NONMARXIAN   SOCIALISM

Socialist  Controversy 

 


  2.
Early Beginning: Pierson vs. Kautsky   
 

Oldrich Kyn and Drago Fiser
 

 

First signes of the controversy appeared when the Dutch economists N.G. Pierson claimed that socialism cannot work. (Hayek [1], p. 27—28) The top Marxist theorist of that time, Karl Kautsky took the chalenge and in his Lecture of April 2, 1902 speculated  about „the Morning after Revolution“.Kautsky broke the traditional silence of Marxists about the concrete forms of the organization of the socialist economy, and said that because of the need to preserve the free choice of consumer goods as well as free choice of jobs, money and prices must still exist.

He said: „ Money is the simplest tool we know that allows circulation of goods and distribution to individual people in such a complex mechasnism as the contemporary process of production with extremely detailed divission of labor. (Kautsky , p. 129; qouted by Lange , p. 139.)

 

Elswhere Kautsky wrote: “Because workers cannot be assigned jobs in various industries against their will as in the army, it can happen, that too many workers would want to work in a certain industry, while there would be shortage of labor in some other.  The necessary equilibrium can be then obtained only by cutting the wages in those industries, where there is too many workers and increasing them in the industries where there is shortage...“ .“(Kautsky , pp. 134 - 135, cit, from Lange, p. 139.)

However, Kautsky did not write anything about the way socialist society would plan the production (Lange, p. 139).  This might have been the reason why Hayek stated that Kautsky was unawere of problems that were clear to economists. (Hayek, pp. 27 – 28) Kautski’s Lecture allowed Pierson to demonstrate that socialism cannot get rid of the value problem. „Value problem?

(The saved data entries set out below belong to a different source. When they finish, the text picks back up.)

text \<open>Only U^H U = 1 is assumed; U U^H = 1 follows because U diag(\<mu>) U^H annihilates
  g - U U^H g, which therefore vanishes by positive definiteness.\<close>
lemma unitary_on_complete:
  fixes M U :: "nat \<Rightarrow> nat \<Rightarrow> complex"
  assumes fin: "finite I" and U: "unitary_on I U"
    and eig: "\<And>i j. i \<in> I \<Longrightarrow> j \<in> I \<Longrightarrow> M i j = (\<Sum>l\<in>I. U i l * \<mu> l * cnj (U j l))"
    and pd: "pos_def_on I M" and "i \<in> I"
  shows "(\<Sum>l\<in>I. U i l * (\<Sum>j\<in>I. cnj (U j l) * g j)) = g i"
proof -
  define z where "z = (\<lambda>i. g i - (\<Sum>l\<in>I. U i l * (\<Sum>j\<in>I. cnj (U j l) * g j)))"
  have "(\<Sum>j\<in>I. cnj (U j l) * z j) = 0" if "l \<in> I" for l
    using unitary_on_adjoint_apply[OF fin U that]
    by (simp add: z_def right_diff_distrib sum_subtractf)
  then have Mz: "(\<Sum>j\<in>I. M i j * z j) = 0" if "i \<in> I" for i
    using diagonalised_apply[of I M U \<mu>, OF eig that] by simp
  have "(\<Sum>i\<in>I. \<Sum>j\<in>I. cnj (z i) * M i j * z j) = (\<Sum>i\<in>I. cnj (z i) * (\<Sum>j\<in>I. M i j * z j))"
    by (simp add: sum_distrib_left mult.assoc)
  also have "\<dots> = 0" using Mz by simp
  finally have quad: "(\<Sum>i\<in>I. \<Sum>j\<in>I. cnj (z i) * M i j * z j) = 0" .
  have "z i = 0"
  proof (rule ccontr)
    assume "z i \<noteq> 0"
    then have "Re (\<Sum>i\<in>I. \<Sum>j\<in>I. cnj (z i) * M i j * z j) > 0"
      using pd \<open>i \<in> I\<close> unfolding pos_def_on_def Let_def by blast
    with quad show False by simp
  qed
  then show ?thesis unfolding z_def by simp
qed

lemma pos_def_on_scaled_submatrix:
  assumes "pos_def_on J M" and "finite J" and "I \<subseteq> J" and "\<And>i. i \<in> I \<Longrightarrow> s i \<noteq> 0"
  shows "pos_def_on I (\<lambda>i j. complex_of_real (s i) * M i j * complex_of_real (s j))"
  unfolding pos_def_on_def Let_def
proof (intro allI impI)
  fix z :: "nat \<Rightarrow> complex"
  assume "\<exists>i\<in>I. z i \<noteq> 0"
  define x where "x = (\<lambda>i. if i \<in> I then complex_of_real (s i) * z i else 0)"
  have "\<exists>i\<in>J. x i \<noteq> 0"
    using \<open>\<exists>i\<in>I. z i \<noteq> 0\<close> assms(3,4) unfolding x_def by force
  then have pos: "Im (\<Sum>i\<in>J. \<Sum>j\<in>J. cnj (x i) * M i j * x j) = 0
      \<and> Re (\<Sum>i\<in>J. \<Sum>j\<in>J. cnj (x i) * M i j * x j) > 0"
    using assms(1) unfolding pos_def_on_def Let_def by blast
  have "(\<Sum>i\<in>J. \<Sum>j\<in>J. cnj (x i) * M i j * x j) = (\<Sum>i\<in>I. \<Sum>j\<in>J. cnj (x i) * M i j * x j)"
    using assms(2,3) by (intro sum.mono_neutral_right) (auto simp: x_def)
  also have "\<dots> = (\<Sum>i\<in>I. \<Sum>j\<in>I. cnj (x i) * M i j * x j)"
    using assms(2,3) by (intro sum.cong refl sum.mono_neutral_right) (auto simp: x_def)
  also have "\<dots> = (\<Sum>i\<in>I. \<Sum>j\<in>I. cnj (z i) * (complex_of_real (s i) * M i j * complex_of_real (s j)) * z j)"
    by (intro sum.cong refl) (simp add: x_def mult_ac)
  finally show "Im (\<Sum>i\<in>I. \<Sum>j\<in>I. cnj (z i) * (complex_of_real (s i) * M i j * complex_of_real (s j)) * z j) = 0
    \<and> 0 < Re (\<Sum>i\<in>I. \<Sum>j\<in>I. cnj (z i) * (complex_of_real (s i) * M i j * complex_of_real (s j)) * z j)"
    using pos by simp
qed

lemma pos_def_on_Ck:
  assumes "pos_def_on J (gram A h)" and "finite J" and "I \<subseteq> J"
    and "\<And>i. i \<in> I \<Longrightarrow> P i / \<sigma>2 > 0"
  shows "pos_def_on I (Ck A h P \<sigma>2)"
proof -
  have "Ck A h P \<sigma>2 = (\<lambda>i j. complex_of_real (sqrt (P i / \<sigma>2)) * gram A h i j
      * complex_of_real (sqrt (P j / \<sigma>2)))"
    by (intro ext) (simp add: Ck_def Rk_def gram_def ip_def)
  moreover have "sqrt (P i / \<sigma>2) \<noteq> 0" if "i \<in> I" for i
    using real_sqrt_gt_zero[OF assms(4)[OF that]] by linarith
  ultimately show ?thesis
    using pos_def_on_scaled_submatrix[OF assms(1-3)] by presburger
qed

lemma Bk_eigenvalue_eq:
  fixes l :: real
  assumes "l > 0"
  shows "l * ((1 + sqrt (1 + l)) / l)\<^sup>2 - 2 * ((1 + sqrt (1 + l)) / l) = 1"
proof -
  define s where "s = sqrt (1 + l)"
  have "s\<^sup>2 = 1 + l" unfolding s_def using assms by simp
  then have "(1 + s)\<^sup>2 - 2 * (1 + s) = l" by (simp add: power2_eq_square algebra_simps)
  moreover have "l * ((1 + s) / l)\<^sup>2 - 2 * ((1 + s) / l) = ((1 + s)\<^sup>2 - 2 * (1 + s)) / l"
    using assms by (simp add: field_simps power2_eq_square)
  ultimately show ?thesis using assms unfolding s_def by simp
qed

lemma Bk_eigenvalue_quadratic_form:
  fixes l :: real and y :: complex
  assumes "l > 0"
  defines "d \<equiv> complex_of_real ((1 + sqrt (1 + l)) / l)"
  shows "cnj y * y = - (cnj y * (d * y)) - cnj (d * y) * y + cnj (d * y) * (complex_of_real l * (d * y))"
proof -
  have expand: "- (b * (e * a)) - (e * b) * a + (e * b) * (m * (e * a)) = b * a * (m * e\<^sup>2 - 2 * e)"
    for a b e m :: complex
    by (simp add: algebra_simps power2_eq_square)
  have "cnj (d * y) = d * cnj y" unfolding d_def by simp
  then have "- (cnj y * (d * y)) - cnj (d * y) * y + cnj (d * y) * (complex_of_real l * (d * y))
      = cnj y * y * (complex_of_real l * d\<^sup>2 - 2 * d)"
    by (simp only: expand)
  also have "complex_of_real l * d\<^sup>2 - 2 * d = 1"
    using arg_cong[OF Bk_eigenvalue_eq[OF assms(1)], of complex_of_real]
    unfolding d_def of_real_diff of_real_mult of_real_power of_real_numeral of_real_1 .
  finally show ?thesis by simp
qed

lemma Bk_quadratic_identity:
  fixes C U :: "nat \<Rightarrow> nat \<Rightarrow> complex" and g :: "nat \<Rightarrow> complex"
  assumes fin: "finite I" and U: "unitary_on I U"
    and eig: "\<And>i j. i \<in> I \<Longrightarrow> j \<in> I \<Longrightarrow> C i j = (\<Sum>l\<in>I. U i l * complex_of_real (lam l) * cnj (U j l))"
    and pd: "pos_def_on I C" and lpos: "\<And>l. l \<in> I \<Longrightarrow> lam l > 0"
  defines "c \<equiv> \<lambda>i. \<Sum>j\<in>I. Bk I U lam i j * g j"
  shows "- (\<Sum>j\<in>I. c j * cnj (g j)) - (\<Sum>i\<in>I. cnj (c i) * g i) + (\<Sum>i\<in>I. \<Sum>j\<in>I. cnj (c i) * C i j * c j)
       = (\<Sum>i\<in>I. cnj (g i) * g i)"
proof -
  define y where "y = (\<lambda>l. \<Sum>j\<in>I. cnj (U j l) * g j)"
  define d where "d = (\<lambda>l. complex_of_real ((1 + sqrt (1 + lam l)) / lam l))"
  have g: "g i = (\<Sum>l\<in>I. U i l * y l)" if "i \<in> I" for i
    using unitary_on_complete[of I U C, OF fin U eig pd that] unfolding y_def by simp
  have c: "c i = (\<Sum>l\<in>I. U i l * (d l * y l))" if "i \<in> I" for i
    using diagonalised_apply[of I "Bk I U lam" U d, OF _ that] unfolding c_def y_def d_def Bk_def
    by blast
  have Cc: "(\<Sum>j\<in>I. C i j * c j) = (\<Sum>l\<in>I. U i l * (complex_of_real (lam l) * (d l * y l)))"
    if "i \<in> I" for i
    using unitary_diagonalised_apply[of I U C, OF fin U eig that] c by (simp cong: sum.cong)
  have "(\<Sum>j\<in>I. c j * cnj (g j)) = (\<Sum>j\<in>I. cnj (g j) * c j)"
    by (rule sum.cong[OF refl]) (rule mult.commute)
  also have "\<dots> = (\<Sum>l\<in>I. cnj (y l) * (d l * y l))"
    by (rule unitary_on_inner[OF fin U g c])
  finally have gc: "(\<Sum>j\<in>I. c j * cnj (g j)) = (\<Sum>l\<in>I. cnj (y l) * (d l * y l))" .
  have "(\<Sum>i\<in>I. \<Sum>j\<in>I. cnj (c i) * C i j * c j) = (\<Sum>i\<in>I. cnj (c i) * (\<Sum>j\<in>I. C i j * c j))"
    by (simp add: sum_distrib_left mult.assoc)
  also have "\<dots> = (\<Sum>l\<in>I. cnj (d l * y l) * (complex_of_real (lam l) * (d l * y l)))"
    by (rule unitary_on_inner[OF fin U c Cc])
  finally have cCc: "(\<Sum>i\<in>I. \<Sum>j\<in>I. cnj (c i) * C i j * c j)
      = (\<Sum>l\<in>I. cnj (d l * y l) * (complex_of_real (lam l) * (d l * y l)))" .
  have "(\<Sum>l\<in>I. cnj (y l) * y l) = (\<Sum>l\<in>I. - (cnj (y l) * (d l * y l)) - cnj (d l * y l) * y l
      + cnj (d l * y l) * (complex_of_real (lam l) * (d l * y l)))"
    using Bk_eigenvalue_quadratic_form[OF lpos] unfolding d_def by (intro sum.cong refl) blast
  moreover have "(\<Sum>i\<in>I. cnj (g i) * g i) = (\<Sum>l\<in>I. cnj (y l) * y l)"
    by (rule unitary_on_inner[OF fin U g g])
  moreover have "(\<Sum>i\<in>I. cnj (c i) * g i) = (\<Sum>l\<in>I. cnj (d l * y l) * y l)"
    by (rule unitary_on_inner[OF fin U c g])
  ultimately show ?thesis
    unfolding gc cCc by (simp only: sum.distrib sum_subtractf sum_negf)
qed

This words may surprise many readers,....who think that if socialism was established, the value and therefore also the value problem would disappear.  Everything would then be just a technical matter. This view is today widespread.... but it is very wrong.“ (Pierson, pp. 43 – 44.)

 

 It is interersting, that Pierson arguments are primarily about the problems of foreign trade and distribution of income. In the case of distribution, he points out that only net income can be distributed. But how can one calculate net income without valuation. It is not posible to subtract physical quantities of inputs from the physical quantity of output. For example in the textile industry one cannot subtract quantities of cotton, coal, etc. From square meters of the produced cloth. It is only possible to subtract value of used cotton, coal, etc. from the value of produced cloth.  Without valuation it is not possible to know, how much of net income was really created, therefore, it is also not possible to correctly distribute this unknown net income to workers, managers, accumulation funds, etc. without making serious errors.

 And valuation is also needed for many other tasks, that have to be solved in the economy. Another argument of Pierson is about the diversity of peoples preferences.  If the government would want to distribute consumer goods directly in physical units, it would have to use some system of coupons.  It would need to assign people to various groups that would receive the same quotas of coupons, but even then it can hardly be assumed that all the people within certain group have exactly the same preferences. As a result people would start trading some coupons for others and the market exchange reappears. (Pierson, p. 75.)

 

 The WWI contributed to reappearance or strengthening the views that it is possible to centrally direct the whole economy in physical units without market.  Lenin, Bukharin, Preobrazhensky and some other Soviet economists clearly believed in such a possibility during the period of War Communism.

 

 

This belief was based not only on their theoretical views, but also on observations of the government controls instituted during the war especially in Germany. They did not realize that such controls were due to enormous shortages caused by the war, and that they would be impossible or at least highly inefficient under the normal situation in peace time

The similar views appeared also among some West European socialists. For example in 1925 was published a book of O. Neurath (1882 - 1945) in which the author argues that the war experience proved that it is possible to plan and control the economy in physical units without the use of value. 

 

   Also the well known leader of Austrian Social Democrats, Otto Bauer (1881 - 1938), believed at that time in possibility of the central control of the economy without value and prices.